King was in Atlanta when five bombs went off at parsonages and
churches in Montgomery in the early morning hours of January 10, 1957. On
this date, a two-day meeting was scheduled to begin in Ebenezer Baptist Church
to lay out plans to create an organization to maintain the momentum of the
movement for change throughout the South.
King returned to Montgomery to inspect the bomb damage and King
was present for only the final hours of the meeting. In a follow-up meeting
in New Orleans on February 14, the group adopted the name, Southern Christian
Leadership Conference (SCLC) and elected King as president. King made his
first trip abroad to attend the independent ceremonies in Ghana on March 5,
1958. In June, King received the NAACP’s Spingard Medal for his leadership.
King and his organization became increasingly estranged from the
NAACP’s Roy Wilkins, who feared the effect of another mass black organization
on the NAACP’s branches in the South and also disapproved of the SCLC’s call
for direct action. Nonetheless, King pressed forward with the SCLC’s plans
for a voter registration drive beginning in 1958. In need of a capable
organizer at the Atlanta office, the SCLC’s first choice was Bayard Rustin.
He was a very effective worker, but also vulnerable to smears dealing with his
homosexuality. Rustin found a role at SCLC in a less visible position. Ila
Baker came to Atlanta to take Rustin’s place and shoulder much of the initial
burden of organizational work for the SCLC. In spite of her efforts, the 1958
Lincoln Day launch of the voter registration failed to attract much attention
and the SCLC seemed on the verge of disappearing.
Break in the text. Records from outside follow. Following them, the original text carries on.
lemma W_rho_bounds: "z \<in> space D \<Longrightarrow> 0 \<le> W_rho rho clf z \<and> W_rho rho clf z \<le> 1"
  using share_nonneg share_le_1 by (simp add: W_rho_eq_share)

lemma disagreement_bounds: "z \<in> space D \<Longrightarrow> 0 \<le> disagreement z \<and> disagreement z \<le> 1"
  using gini_impurity_nonneg[OF share_nonneg sum_share] by (simp add: gini_impurity_def sum_nonneg)

lemma integrable_W_rho: "integrable D (W_rho rho clf)"
  using W_rho_bounds by (intro D.integrable_real_bounded[where B=1]) auto

lemma integrable_disagreement: "integrable D disagreement"
  by (rule D.integrable_real_bounded[where B=1, OF measurable_disagreement]) (use disagreement_bounds in auto)

lemma share_le_majority_vote:
  assumes "is_majority_vote K rho clf hMV" and "j \<in> {1..K}"
  shows "share j z \<le> share (hMV (fst z)) z"
  using assms by (simp add: is_majority_vote_def share_def)

lemma exp_err_le_exp_dis_plus_err:
  assumes MV: "is_majority_vote K rho clf hMV"
    and [measurable]: "(\<lambda>z. hMV (fst z)) \<in> measurable D (count_space UNIV)"
  shows "exp_err D rho clf \<le> exp_dis D rho clf + err D hMV"
proof -
  have "W_rho rho clf z \<le> disagreement z + of_bool (hMV (fst z) \<noteq> snd z)" if z: "z \<in> space D" for z
    using error_le_gini_impurity_plus_mode_error[of "{1..K}" "\<lambda>j. share j z" "hMV (fst z)" "snd z"]
      share_nonneg sum_share[OF z] share_le_majority_vote[OF MV] labels[OF z]
    by (simp add: W_rho_eq_share[OF z])
  moreover have int_err: "integrable D (\<lambda>z. of_bool (hMV (fst z) \<noteq> snd z) :: real)"
    by (intro D.integrable_real_bounded[where B=1]) auto
  ultimately have "(\<integral>z. W_rho rho clf z \<partial>D) \<le> (\<integral>z. disagreement z + of_bool (hMV (fst z) \<noteq> snd z) \<partial>D)"
    by (intro integral_mono Bochner_Integration.integrable_add integrable_W_rho integrable_disagreement)
  then show ?thesis
    using int_err integrable_disagreement
    by (simp add: exp_err_eq_integral_W_rho exp_dis_eq_integral_gini_impurity err_def measure_eq_integral_of_bool)
qed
As King was writing his book on the Montgomery boycott, Stride
toward Freedom, he benefited from the very frank criticism of white New
York lawyer, Stanley Levinson, who became one of King’s most trusted
advisors. Levinson was also a key factor in the FBI’s later surveillance of
King. There were allegations of a connection between Levinson and the
Communist Party that formed one of the legal bases for wire taps of King’s
telephone communication. FBI Chief, J. Edgar Hoover ordered these wiretaps as
well as surveillance of King, of King’s advisors outside the SCLC, and their
relationships to communism and homosexuality. J. Edgar Hoover hoped to use
the information to discredit King and his organization.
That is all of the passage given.